Once more, the Catapult is approaching the challenge from multiple angles, both with practical technical training aimed at upskilling (through - for instance - the courses offered by AMRC and MTC training centres) and through hands-on skills mapping exercises where the Catapult takes a more consultative role in helping individual companies to better understand their training needs. The centre is also using a so-called foresight scanning approach to look further into the future, and working closely with industry partners to extrapolate current trends and analyse what this might mean for future skills requirements.
Another key area of focus regarding skills, and a particular passion of Bennett’s, is driving equality, diversity and inclusion (ED&I) which - she stressed - as well as being the right thing to do is also critical in terms of delivering the diversity of thought that’s essential for any successful organisation.
Earlier this year (2022) Bennett led efforts to launch a charter for inclusivity in innovation, through which all nine of the UK’s Catapult centres signed up to a formal commitment to foster diversity and inclusion within their organisations.
Having pursued similar initiatives throughout her career, Bennet was struck by how much easier it is becoming to push diversity. “I didn’t have to push very hard with the leadership team in our Catapult and the other Catapults,” she said.
But whilst the enthusiasm for the charter is an encouraging sign that leadership teams are becoming more receptive to the need for change, there is still plenty of work to do: “The dial is moving, we just need to get it moving a bit quicker,” she said.

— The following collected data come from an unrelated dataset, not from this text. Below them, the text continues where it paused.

lemma shuf_scale_left: "shuf (\<lambda>v. r * b v) a = (\<lambda>w. r * shuf b a w)"
  by (simp add: shuf_commute[of _ a] shuf_scale_right)

lemma shuf_sum_right:
  "finite A \<Longrightarrow> shuf a (\<lambda>v. \<Sum>i\<in>A. f i v) = (\<lambda>w. \<Sum>i\<in>A. shuf a (f i) w)"
  by (induction A rule: finite_induct) (simp_all add: shuf_add_right)

lemma shuf_sum_left:
  "finite A \<Longrightarrow> shuf (\<lambda>v. \<Sum>i\<in>A. f i v) a = (\<lambda>w. \<Sum>i\<in>A. shuf (f i) a w)"
  by (simp add: shuf_commute[of _ a] shuf_sum_right)

lemma shuf_ser1_left[simp]: "shuf ser1 b = b"
proof
  show "shuf ser1 b w = b w" for w
    by (induction w arbitrary: b) (simp_all add: shuf_Cons lshift_apply)
qed

lemma lshift_shuf: "lshift x (shuf a b) = (\<lambda>w. shuf (lshift x a) b w + shuf a (lshift x b) w)"
  by (simp add: lshift_def shuf_Cons)

lemma shuf_assoc: "shuf (shuf a b) c = shuf a (shuf b c)"
proof
  show "shuf (shuf a b) c w = shuf a (shuf b c) w" for w
    by (induction w arbitrary: a b c)
       (simp_all add: shuf_Cons lshift_shuf shuf_add_left shuf_add_right)
qed

lemma shuf_left_commute: "shuf a (shuf b c) = shuf b (shuf a c)"
  by (metis shuf_assoc shuf_commute)

lemmas shuf_ac = shuf_assoc shuf_commute shuf_left_commute

lemma shuf_inverse_unique: "shuf a b = ser1 \<Longrightarrow> shuf a b' = ser1 \<Longrightarrow> b = b'"
  by (metis shuf_assoc shuf_commute shuf_ser1_left)

section \<open>Fixed points of causal maps\<close>

definition causal_on :: "'i set \<Rightarrow> (('i \<Rightarrow> ser) \<Rightarrow> ('i \<Rightarrow> ser)) \<Rightarrow> bool" where
  "causal_on J T \<longleftrightarrow> (\<forall>h h' w. (\<forall>j\<in>J. \<forall>v. length v < length w \<longrightarrow> h j v = h' j v)
     \<longrightarrow> (\<forall>j\<in>J. T h j w = T h' j w))"

lemma causal_onI:
  assumes "\<And>h h' w j. j \<in> J \<Longrightarrow> (\<And>j v. j \<in> J \<Longrightarrow> length v < length w \<Longrightarrow> h j v = h' j v)
    \<Longrightarrow> T h j w = T h' j w"
  shows "causal_on J T"
  using assms unfolding causal_on_def by blast

lemma causal_onD:
  assumes "causal_on J T" "j \<in> J" "\<And>j v. j \<in> J \<Longrightarrow> length v < length w \<Longrightarrow> h j v = h' j v"
  shows "T h j w = T h' j w"
  using assms unfolding causal_on_def by blast

lemma causal_on_fixpoint_unique:
  assumes T: "causal_on J T"
    and h: "\<And>j. j \<in> J \<Longrightarrow> h j = T h j" and h': "\<And>j. j \<in> J \<Longrightarrow> h' j = T h' j"
    and "j \<in> J"
  shows "h j = h' j"
proof -
  have "\<forall>j\<in>J. h j w = h' j w" for w
  proof (induction "length w" arbitrary: w rule: less_induct)
    case less
    have "T h j w = T h' j w" if "j \<in> J" for j
      by (rule causal_onD[OF T that]) (use less in blast)
    then show ?case by (metis h h')
  qed
  with \<open>j \<in> J\<close> show ?thesis by blast
qed

lemma causal_on_UNIV_fixpoint_exists:
  assumes T: "causal_on UNIV T"
  shows "\<exists>h. h = T h"
proof -
  define approx where "approx k = (T ^^ k) (\<lambda>_ _. 0)" for k
  have agree: "approx k j w = approx k' j w" if "length w < k" "length w < k'" for k k' j w
    using that
  proof (induction "length w" arbitrary: w k k' j rule: less_induct)
    case less
    obtain l l' where k: "k = Suc l" and k': "k' = Suc l'"
      using less.prems by (meson less_imp_Suc_add)
    have "T (approx l) j w = T (approx l') j w"
    proof (rule causal_onD[OF T])
      fix j v assume "length (v :: nat list) < length w"
      then show "approx l j v = approx l' j v"
        using less.prems k k' by (intro less.hyps) auto
    qed simp
    with k k' show ?case by (simp add: approx_def)
  qed
  define H where "H j w = approx (Suc (length w)) j w" for j w
  have "T H j w = H j w" for j w
  proof -
    have "T H j w = T (approx (Suc (length w))) j w"
      by (rule causal_onD[OF T]) (auto simp: H_def intro: agree)
    also have "\<dots> = approx (Suc (Suc (length w))) j w"
      by (simp add: approx_def)
    also have "\<dots> = H j w"
      unfolding H_def by (rule agree) simp_all
    finally show ?thesis .
  qed
  then show ?thesis by (metis ext)
qed

lemma causal_on_UNIV_ex1_fixpoint:
  assumes T: "causal_on UNIV T"
  shows "\<exists>!h. h = T h"
proof -
  obtain h where h: "h = T h"
    using causal_on_UNIV_fixpoint_exists[OF T] by blast
  have "h' = h" if "h' = T h'" for h'
    using causal_on_fixpoint_unique[OF T, of h' h] that h by auto
  with h show ?thesis by blast
qed

lemma shuf_shinv:
  assumes a0: "a [] \<noteq> 0"
  shows "shuf a (shinv a) = ser1"
proof -
  define a' where "a' w = (if w = [] then 0 else a w)" for w
  have a_split: "a = (\<lambda>w. a [] * ser1 w + a' w)"
    by (auto simp: a'_def ser1_def)
  define T where "T H (u :: unit) w = (ser1 w - shuf a' (H ()) w) / a []" for H u w
  have "causal_on UNIV T"
  proof (rule causal_onI)
    fix H H' :: "unit \<Rightarrow> ser" and w :: "nat list" and u
    assume "\<And>j v. j \<in> UNIV \<Longrightarrow> length v < length w \<Longrightarrow> H j v = H' j v"
    then have "shuf a' (H ()) w = shuf a' (H' ()) w"
      by (intro shuf_cong_less) (simp_all add: a'_def)
    then show "T H u w = T H' u w"
      by (simp add: T_def)
  qed
  then obtain H where H: "H = T H"
    using causal_on_UNIV_fixpoint_exists by blast
  have "shuf a (H ()) = ser1"
  proof
    fix w
    have "a [] * H () w = ser1 w - shuf a' (H ()) w"
      using fun_cong[OF fun_cong[OF H, of "()"], of w] a0 by (simp add: T_def)
    then show "shuf a (H ()) w = ser1 w"
      by (subst a_split) (simp add: shuf_add_left shuf_scale_left)
  qed
  then have "\<exists>!b. shuf a b = ser1"
    using shuf_inverse_unique by blast
  then show ?thesis unfolding shinv_def by (rule theI')
qed

lemma shinv_Nil: "a [] \<noteq> 0 \<Longrightarrow> a [] * shinv a [] = 1"
  using fun_cong[OF shuf_shinv, of a "[]"] by simp

section \<open>Substitution operators\<close>

text \<open>F a = \<Sum>\<eta>. a \<eta> \<cdot> \<Phi> \<eta> 1 for the multiplicative \<Phi> with
  \<Phi> [i] w = \<Sum>x. lcons x (K x i \<bullet> w), stated through the left-shift recursion that
  characterises it; psi and phibar are of this form.\<close>

definition subst_op :: "nat set \<Rightarrow> (nat \<Rightarrow> nat \<Rightarrow> ser) \<Rightarrow> (ser \<Rightarrow> ser) \<Rightarrow> bool" where
  "subst_op I K F \<longleftrightarrow> finite I \<and> (\<forall>a. F a [] = a [])
     \<and> (\<forall>a x w. F a (x # w) = (\<Sum>i\<in>I. shuf (K x i) (F (lshift i a)) w))"

context
  fixes I K F
  assumes F: "subst_op I K F"
begin

lemma subst_op_finite: "finite I"
  and subst_op_Nil[simp]: "F a [] = a []"
  and subst_op_Cons: "F a (x # w) = (\<Sum>i\<in>I. shuf (K x i) (F (lshift i a)) w)"
  using F by (simp_all add: subst_op_def)

lemma subst_op_lshift: "lshift x (F a) = (\<lambda>w. \<Sum>i\<in>I. shuf (K x i) (F (lshift i a)) w)"
  by (simp add: lshift_def subst_op_Cons)

lemma subst_op_add: "F (\<lambda>v. a v + b v) = (\<lambda>w. F a w + F b w)"
proof
  show "F (\<lambda>v. a v + b v) w = F a w + F b w" for w
  proof (induction "length w" arbitrary: w a b rule: less_induct)
    case less
    show ?case
    proof (cases w)
      case (Cons x w')
      have "shuf (K x i) (F (\<lambda>v. lshift i a v + lshift i b v)) w'
          = shuf (K x i) (\<lambda>v. F (lshift i a) v + F (lshift i b) v) w'" for i
        by (rule shuf_cong_le) (simp_all add: Cons less.hyps)
      then show ?thesis
        by (simp add: Cons subst_op_Cons shuf_add_right sum.distrib)
    qed simp
  qed
qed

lemma subst_op_zero[simp]: "F (\<lambda>_. 0) = (\<lambda>_. 0)"
  using subst_op_add[of "\<lambda>_. 0" "\<lambda>_. 0"] by (metis add_cancel_left_left)

lemma subst_op_sum:
  "finite A \<Longrightarrow> F (\<lambda>v. \<Sum>j\<in>A. f j v) = (\<lambda>w. \<Sum>j\<in>A. F (f j) w)"
  by (induction A rule: finite_induct) (simp_all add: subst_op_add)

Despite a uniquely challenging economic and geo-political backdrop, Bennett is upbeat about the prospects for UK manufacturing, and believes that the positivity she sees throughout the sector, and a general sense that it’s “getting its mojo back”, could help drive something of an industrial renaissance. “We’re still in the top ten globally of manufacturing countries,” she said, “but we’d like to get that up a bit higher, maybe up to the top five. We have some amazing crown jewels in terms of the companies based in the UK, and it’s not just the big names in aerospace or automotive. They’re really important, but we also need to build up the Mid-Caps; the SMEs who are quietly getting on with their jobs; the toolmakers; the foundry operators; and the designers. It’s the design expertise that we have in this country that needs to be encouraged and built on, because then that leads to manufacturing, and we are really good at high value design.”